**ACTIVITY**
Output exactly what appears from the line containing "by (auto simp: mats_def tmul_def)" to the end of the data below, and nothing more.

**EXERCISE DATA**
-*-
definition etrans :: "emat \<Rightarrow> emat" where
  "etrans A = (\<lambda>i j. A j i)"

definition embed :: "rmat \<Rightarrow> emat" where
  "embed A = (\<lambda>i j. ereal (A i j))"

definition selmat :: "nat list \<Rightarrow> emat" where
  "selmat cs = (\<lambda>i j. if i < length cs \<and> j = cs ! i then 0 else -\<infinity>)"

definition phi :: "nat \<Rightarrow> nat list \<Rightarrow> rmat \<Rightarrow> rmat" where
  "phi n cs A = (\<lambda>i j. if i < length cs \<and> j < length cs
      then real_of_ereal (emul n (emul n (selmat cs) (embed A)) (etrans (selmat cs)) i j)
      else 0)"

text \<open>A closed path in Gamma_A is a nonempty list of nodes [v_0,...,v_{m-1}] (each < n),
 traversing edges v_t -> v_{(t+1) mod m}; the edge j -> i has weight A i j.\<close>
definition closed_path :: "nat \<Rightarrow> nat list \<Rightarrow> bool" where
  "closed_path n p \<longleftrightarrow> p \<noteq> [] \<and> set p \<subseteq> {..<n}"

definition cp_weight :: "rmat \<Rightarrow> nat list \<Rightarrow> real" where
  "cp_weight A p = (\<Sum>t<length p. A (p ! ((t + 1) mod length p)) (p ! t))"

definition cp_mean :: "rmat \<Rightarrow> nat list \<Rightarrow> real" where
  "cp_mean A p = cp_weight A p / real (length p)"

definition max_cycle_mean :: "nat \<Rightarrow> rmat \<Rightarrow> real" where
  "max_cycle_mean n A = Sup {cp_mean A p | p. closed_path n p}"

definition critical_path :: "nat \<Rightarrow> rmat \<Rightarrow> nat list \<Rightarrow> bool" where
  "critical_path n A p \<longleftrightarrow> closed_path n p \<and> cp_mean A p = max_cycle_mean n A"

definition critical_node :: "nat \<Rightarrow> rmat \<Rightarrow> nat \<Rightarrow> bool" where
  "critical_node n A i \<longleftrightarrow> (\<exists>p. critical_path n A p \<and> i \<in> set p)"

text \<open>Critical edges j -> i, as pairs (j, i).\<close>
definition critical_edges :: "nat \<Rightarrow> rmat \<Rightarrow> (nat \<times> nat) set" where
  "critical_edges n A = {(j, i). \<exists>p t. critical_path n A p \<and> t < length p \<and>
       p ! t = j \<and> p ! ((t + 1) mod length p) = i}"

definition same_crit_class :: "nat \<Rightarrow> rmat \<Rightarrow> nat \<Rightarrow> nat \<Rightarrow> bool" where
  "same_crit_class n A i j \<longleftrightarrow> critical_node n A i \<and> critical_node n A j \<and>
     (i, j) \<in> (critical_edges n A)\<^sup>* \<and> (j, i) \<in> (critical_edges n A)\<^sup>*"

definition crit_reps :: "nat \<Rightarrow> rmat \<Rightarrow> nat list \<Rightarrow> bool" where
  "crit_reps n A cs \<longleftrightarrow> (\<forall>i < length cs. critical_node n A (cs ! i)) \<and>
     (\<forall>i < length cs. \<forall>j < length cs. same_crit_class n A (cs ! i) (cs ! j) \<longrightarrow> i = j) \<and>
     (\<forall>c. critical_node n A c \<longrightarrow> (\<exists>i < length cs. same_crit_class n A c (cs ! i)))"

text \<open>Vectors in R^n are functions nat => real vanishing at indices >= n.
 tspan n S = all finite (nonempty) componentwise maxima of elements of S shifted by reals,
 i.e. the closure of S under \<oplus> and adding real constants.\<close>
definition tspan :: "nat \<Rightarrow> (nat \<Rightarrow> real) set \<Rightarrow> (nat \<Rightarrow> real) set" where
  "tspan n S = {v. \<exists>(m::nat) vs (c::nat \<Rightarrow> real). 0 < m \<and> (\<forall>t<m. vs t \<in> S) \<and>
      v = (\<lambda>i. if i < n then Max {vs t i + c t | t. t < m} else 0)}"

definition col :: "rmat \<Rightarrow> nat \<Rightarrow> (nat \<Rightarrow> real)" where
  "col A j = (\<lambda>i. A i j)"

definition colspace :: "nat \<Rightarrow> rmat \<Rightarrow> (nat \<Rightarrow> real) set" where
  "colspace n A = tspan n {col A j | j. j < n}"

definition trank :: "nat \<Rightarrow> rmat \<Rightarrow> nat" where
  "trank n E = (LEAST r. \<exists>S. finite S \<and> S \<subseteq> colspace n E \<and> tspan n S = colspace n E \<and> card S = r)"

definition right_ideal1 :: "nat \<Rightarrow> rmat \<Rightarrow> rmat set" where
  "right_ideal1 n a = insert a {tmul n a s | s. s \<in> mats n}"

definition left_ideal1 :: "nat \<Rightarrow> rmat \<Rightarrow> rmat set" where
  "left_ideal1 n a = insert a {tmul n s a | s. s \<in> mats n}"

definition greenR :: "nat \<Rightarrow> rmat \<Rightarrow> rmat \<Rightarrow> bool" where
  "greenR n a b \<longleftrightarrow> right_ideal1 n a = right_ideal1 n b"

definition greenL :: "nat \<Rightarrow> rmat \<Rightarrow> rmat \<Rightarrow> bool" where
  "greenL n a b \<longleftrightarrow> left_ideal1 n a = left_ideal1 n b"

definition Hclass :: "nat \<Rightarrow> rmat \<Rightarrow> rmat set" where
  "Hclass n e = {a \<in> mats n. greenR n a e \<and> greenL n a e}"

end

theory Submission
  imports Defs
begin

text \<open>
  Idempotency gives \<open>E\<^sub>i\<^sub>j + E\<^sub>j\<^sub>l \<le> E\<^sub>i\<^sub>l\<close>, so with the zero diagonal every closed path has
  weight \<open>\<le> 0\<close>, the maximum cycle mean is \<open>0\<close>, and \<open>i\<close>, \<open>j\<close> lie in one critical class iff
  \<open>E\<^sub>i\<^sub>j + E\<^sub>j\<^sub>i = 0\<close>. Writing \<open>c(i)\<close> for the representative of the class of \<open>i\<close>, the map
  \<open>G \<mapsto> (E\<^bsub>i c(i)\<^esub> + G\<^bsub>c(i) c(j)\<^esub> + E\<^bsub>c(j) j\<^esub>)\<^sub>i\<^sub>j\<close> is multiplicative and inverts
  \<open>A \<mapsto> M A M\<^sup>T\<close> on the local monoid \<open>E M\<^sub>n E\<close>, which is therefore isomorphic to
  \<open>M\<^sub>k\<close> with \<open>E \<mapsto> F\<close>. The \<open>\<H>\<close>-class of an idempotent is the group of units of its local
  monoid, so \<open>\<phi>\<close> maps the \<open>\<H>\<close>-class of \<open>E\<close> isomorphically onto that of \<open>F\<close>. Finally \<open>F\<close>
  has zero diagonal and \<open>F\<^sub>a\<^sub>b + F\<^sub>b\<^sub>a < 0\<close> for \<open>a \<noteq> b\<close>; this makes every column of \<open>F\<close>
  extremal in the column space, so that any generating set needs \<open>k\<close> elements.
\<close>

lemma setcompr_lessThan_image: "{f t | t. t < (l::nat)} = f ` {..<l}"
  by auto

lemma Max_setcompr_ge:
  fixes f :: "nat \<Rightarrow> 'a::linorder"
  shows "t < l \<Longrightarrow> f t \<le> Max {f t | t. t < l}"
  unfolding setcompr_lessThan_image by (rule Max_ge) auto

lemma Max_setcompr_attained:
  fixes f :: "nat \<Rightarrow> 'a::linorder"
  assumes "0 < l"
  shows "\<exists>t<l. Max {f t | t. t < l} = f t"
proof -
  have "Max (f ` {..<l}) \<in> f ` {..<l}" by (rule Max_in) (use assms in auto)
  then show ?thesis unfolding setcompr_lessThan_image by auto
qed

lemma tmul_in_mats: "tmul n A B \<in> mats n"
  by (auto simp: mats_def tmul_def)

lemma tmul_ge: "i < n \<Longrightarrow> t < n \<Longrightarrow> j < n \<Longrightarrow> A i t + B t j \<le> tmul n A B i j"
  using Max_setcompr_ge[of t n "\<lambda>t. A i t + B t j"] by (simp add: tmul_def)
-*-
**EXERCISE ANSWER**
  by (auto simp: mats_def tmul_def)

lemma tmul_ge: "i < n \<Longrightarrow> t < n \<Longrightarrow> j < n \<Longrightarrow> A i t + B t j \<le> tmul n A B i j"
  using Max_setcompr_ge[of t n "\<lambda>t. A i t + B t j"] by (simp add: tmul_def)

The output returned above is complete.